Table 2 presents the distribution of Quality and Outcomes Framework indicator attainment and National Diabetes Audit process completion by the number of indicators/processes met. HbA1c, blood pressure and cholesterol Quality and Outcomes Framework indicators were achieved by 55,022 (65.2%), 49,124 (58.2%) and 63,603 (75.3%) adults, respectively; 27,880 (33.0%) met all three indicators, with slightly more (n = 33,348, 39.5%) achieving two indicators. There were 4819 (5.7%), 3327 (3.9%) and 7780 (9.2%) individuals who did not have a measurement for HbA1c, blood pressure and cholesterol, respectively, Quality and Outcomes Framework indicators during the exposure period and were considered as not attaining the respective indicator. Among National Diabetes Audit processes completed, the range was from 55,253 (65.4%; retinal screening) to 81,114 (96.1%; blood pressure screening). Although fewer than half (n = 35,688, 42.3%) completed all nine National Diabetes Audit processes, most (n = 71,227, 84.4%) completed 7–9 processes.

Table 2.

Number (%) of individuals who attained each of the QOF indicators and NDA processes (columns) by the number of QOF indicators met or NDA processes completed (rows).
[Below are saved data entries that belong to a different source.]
(* Consider the AdaDROPS scheme described in the context (with either Option I or Option II as the support-update rule), and let $\bar{\mathcal{I}}\subseteq\{1,\dots,N\}$ be the set at which the nondecreasing sequence $\mathcal{I}^{(k)}$ eventually stabilizes. Assume the iterates $x^{(k)}$ converge to a point $\tilde{x}$ which is a minimizer of the restricted problem $$\min_{x\in\mathbb{R}^n}\ \frac{1}{2\lambda}\|AP_{\bar T}x-y\|^2+\|LP_{\bar T}x\|_{1,2}$$ and satisfies $\tilde{x}_i=0$ for all $i\notin\bar{\mathcal{E}}$. Then $\tilde{x}$ is a global minimizer of the original problem $$\min_{x\in\mathbb{R}^n}\ \frac{1}{2\lambda}\|Ax-y\|^2+\|Lx\|_{1,2}.$$
   Context: Let $n,N\in\mathbb{N}$, let $G_1,\dots,G_N\subseteq\{1,\dots,n\}$ be nonempty groups, possibly overlapping, with $\bigcup_iG_i=\{1,\dots,n\}$, and weights $w_i>0$. $x_G$ denotes the subvector of $x$ indexed by $G$ (increasing order). Let $p=\sum_i|G_i|$, partition $\{1,\dots,p\}$ into consecutive blocks $J_i=\{\sum_{j<i}|G_j|+1,\dots,\sum_{j\le i}|G_j|\}$, and define the lifting operator $L\in\mathbb{R}^{p\times n}$ by $(Lx)_{J_i}=w_ix_{G_i}$; for $z\in\mathbb{R}^p$, $\|z\|_{1,2}=\sum_i\|z_{J_i}\|$ (Euclidean norms). Let $A\in\mathbb{R}^{m\times n}$, $y\in\mathbb{R}^m$, $\lambda>0$. For an index set $\mathcal{I}\subseteq\{1,\dots,N\}$ define $\mathcal{E}(\mathcal{I})=\{1,\dots,n\}\setminus\bigcup_{t\notin\mathcal{I}}G_t$, $T(\mathcal{I})=\{x\in\mathbb{R}^n:\mathrm{supp}(x)\subseteq\mathcal{E}(\mathcal{I})\}$, $\mathcal{E}_z(\mathcal{I})=\bigcup_{t\in\mathcal{I}}J_t$, $T_z(\mathcal{I})=\{z\in\mathbb{R}^p:\mathrm{supp}(z)\subseteq\mathcal{E}_z(\mathcal{I})\}$, and $\widehat{L}(\mathcal{I})=L-P_{T_z(\mathcal{I})}LP_{T(\mathcal{I})^\perp}$, where $P_T$ is the orthogonal (coordinate) projection onto $T$ and $T^\perp$ its orthogonal complement; $\widehat{L}(\mathcal{I})^\top\widehat{L}(\mathcal{I})$ is invertible. AdaDROPS scheme: starting from some $\mathcal{I}^{(0)}$ and $x^{(0)}$, at step $k$ an inner solver produces $x^{(k+1)}$ (for the problem restricted to $T(\mathcal{I}^{(k)})$, i.e. with $A,L$ replaced by $AP_{T(\mathcal{I}^{(k)})},LP_{T(\mathcal{I}^{(k)})}$); then with $\beta^{(k+1)}=-\frac1\lambda A^\top(Ax^{(k+1)}-y)$ the index set is updated by Option I: $\mathcal{I}^{(k+1)}=\mathcal{I}^{(k)}\cup\{t:\|\beta^{(k+1)}_{G_t}\|\ge w_t\}$, or Option II: with $u^{(k+1)}=\widehat{L}(\mathcal{I}^{(k)})(\widehat{L}(\mathcal{I}^{(k)})^\top\widehat{L}(\mathcal{I}^{(k)}))^{-1}\beta^{(k+1)}$, $\mathcal{I}^{(k+1)}=\mathcal{I}^{(k)}\cup\{t:\|u^{(k+1)}_{J_t}\|\ge 1\}$. Since $\mathcal{I}^{(k)}$ is nondecreasing in a finite set it stabilizes at some $\bar{\mathcal{I}}$; write $\bar{\mathcal{E}}=\mathcal{E}(\bar{\mathcal{I}})$ and $\bar T=T(\bar{\mathcal{I}})$. *)

theory Defs
  imports "HOL-Analysis.Analysis"
begin

text \<open>The lifted space R^p is represented as real^('g \<times> 'n): block J_t consists of the
  coordinates (t,j) with j \<in> G t; the remaining coordinates (t,j) with j \<notin> G t are
  dummy coordinates on which L (and hence everything derived from it) vanishes.\<close>

definition liftL :: "('g::finite \<Rightarrow> 'n::finite set) \<Rightarrow> ('g \<Rightarrow> real) \<Rightarrow> real^'n^('g \<times> 'n)" where
  "liftL G w = (\<chi> r i. if snd r \<in> G (fst r) \<and> i = snd r then w (fst r) else 0)"

definition blocknorm :: "('g::finite \<Rightarrow> 'n::finite set) \<Rightarrow> real^('g \<times> 'n) \<Rightarrow> 'g \<Rightarrow> real" where
  "blocknorm G z t = sqrt (\<Sum>j\<in>G t. (z $ (t, j))\<^sup>2)"

definition norm12 :: "('g::finite \<Rightarrow> 'n::finite set) \<Rightarrow> real^('g \<times> 'n) \<Rightarrow> real" where
  "norm12 G z = (\<Sum>t\<in>UNIV. blocknorm G z t)"

definition subnorm :: "'n::finite set \<Rightarrow> real^'n \<Rightarrow> real" where
  "subnorm S x = sqrt (\<Sum>j\<in>S. (x $ j)\<^sup>2)"

definition Eset :: "('g::finite \<Rightarrow> 'n::finite set) \<Rightarrow> 'g set \<Rightarrow> 'n set" where
  "Eset G I = UNIV - (\<Union>t\<in>UNIV - I. G t)"

definition projT :: "('g::finite \<Rightarrow> 'n::finite set) \<Rightarrow> 'g set \<Rightarrow> real^'n^'n" where
  "projT G I = (\<chi> i j. if i = j \<and> i \<in> Eset G I then 1 else 0)"

definition projTz :: "('g::finite \<Rightarrow> 'n::finite set) \<Rightarrow> 'g set \<Rightarrow> real^('g \<times> 'n)^('g \<times> 'n)" where
  "projTz G I = (\<chi> r s. if r = s \<and> fst r \<in> I \<and> snd r \<in> G (fst r) then 1 else 0)"

definition Lhat :: "('g::finite \<Rightarrow> 'n::finite set) \<Rightarrow> ('g \<Rightarrow> real) \<Rightarrow> 'g set \<Rightarrow> real^'n^('g \<times> 'n)" where
  "Lhat G w I = liftL G w - projTz G I ** liftL G w ** (mat 1 - projT G I)"

definition objective :: "('g::finite \<Rightarrow> 'n::finite set) \<Rightarrow> real^'n^'m::finite \<Rightarrow> real^'m \<Rightarrow> real
    \<Rightarrow> real^'n^('g \<times> 'n) \<Rightarrow> real^'n \<Rightarrow> real" where
  "objective G A y lam L x = 1 / (2 * lam) * (norm (A *v x - y))\<^sup>2 + norm12 G (L *v x)"

definition betavec :: "real^'n::finite^'m::finite \<Rightarrow> real^'m \<Rightarrow> real \<Rightarrow> real^'n \<Rightarrow> real^'n" where
  "betavec A y lam x = (- (1 / lam)) *\<^sub>R (transpose A *v (A *v x - y))"

definition optionI_update :: "('g::finite \<Rightarrow> 'n::finite set) \<Rightarrow> ('g \<Rightarrow> real) \<Rightarrow> 'g set \<Rightarrow> real^'n \<Rightarrow> 'g set" where
  "optionI_update G w I b = I \<union> {t. subnorm (G t) b \<ge> w t}"

definition optionII_update :: "('g::finite \<Rightarrow> 'n::finite set) \<Rightarrow> ('g \<Rightarrow> real) \<Rightarrow> 'g set \<Rightarrow> real^'n \<Rightarrow> 'g set" where
  "optionII_update G w I b =
     (let Lh = Lhat G w I;
          u = Lh *v (matrix_inv (transpose Lh ** Lh) *v b)
      in I \<union> {t. blocknorm G u t \<ge> 1})"

end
		QOF target achieved			NDA process achieved
No. of QOF Targets/NDA processes met	Total	HbA1c	Blood pressure	Cholesterol	HbA1c	Blood pressure	Cholesterol	Serum creatine	Urine ACR	Foot exam	Body mass index	Smoking history	Retinal screen
0 QOF targets	5800 (6.9%)	0 (0%)	0 (0%)	0 (0%)	3097 (53.4%)	3960 (68.3%)	2580 (44.5%)	3273 (56.4%)	2389 (41.2%)	2873 (49.5%)	3353 (57.8%)	3284 (56.6%)	3009 (51.9%)
1 QOF target	17,413 (20.6%)	4859 (27.9%)	4238 (24.3%)	8316 (47.8%)	15,743 (90.4%)	16,632 (95.5%)	14,404 (82.7%)	15,673 (90.0%)	12,364 (71%)	13,511 (77.6%)	15,081 (86.6%)	13,942 (80.1%)	10,853 (62.3%)
2 QOF targets	33,348 (39.5%)	22,283 (66.8%)	17,006 (51%)	27,407 (82.2%)	32,902 (98.7%)	32,642 (97.9%)	31,797 (95.4%)	32,565 (97.7%)	26,883 (80.6%)	28,650 (85.9%)	30,805 (92.4%)	28,473 (85.4%)	22,319 (66.9%)
All 3 QOF targets	27,880 (33.0%)	27,880 (100%)	27,880 (100%)	27,880 (100%)	27,880 (100%)	27,880 (100%)	27,880 (100%)	27,658 (99.2%)	23,886 (85.7%)	25,039 (89.8%)	26,461 (94.9%)	24,577 (88.2%)	19,072 (68.4%)
0–3 NDA processes	3520 (4.2%)	418 (11.9%)	811 (23.0%)	244 (6.9%)	668 (19.0%)	1608 (45.7%)	349 (9.9%)	749 (21.3%)	160 (4.6%)	298 (8.5%)	464 (13.2%)	643 (18.3%)	1140 (32.4%)
4–6 NDA processes	9694 (11.5%)	5251 (54.2%)	5013 (51.7%)	5129 (52.9%)	8057 (83.1%)	8689 (89.6%)	6627 (68.4%)	7771 (80.2%)	2972 (30.7%)	3311 (34.2%)	5537 (57.1%)	4303 (44.4%)	4053 (41.8%)
7–9 NDA processes	71,227 (84.4%)	49,353 (69.3%)	43,300 (60.8%)	58,230 (81.8%)	70,897 (99.5%)	70,817 (99.4%)	69,685 (97.8%)	70,649 (99.2%)	62,390 (87.6%)	66,464 (93.3%)	69,699 (97.9%)	65,330 (91.7%)	50,060 (70.3%)
All 9 NDA processes	35,688 (42.3%)	25,511 (71.5%)	21,960 (61.5%)	30,411 (85.2%)	35,688 (100%)	35,688 (100%)	35,688 (100%)	35,688 (100%)	35,688 (100%)	35,688 (100%)	35,688 (100%)	35,688 (100%)	35,688 (100%)
Total	84,441 (100%)	55,022 (65.2%)	49,124 (58.2%)	63,603 (75.3%)	79,622 (94.3%)	81,114 (96.1%)	76,661 (90.8%)	79,169 (93.8%)	65,522 (77.6%)	70,073 (83%)	75,700 (89.7%)	70,276 (83.2%)	55,253 (65.4%)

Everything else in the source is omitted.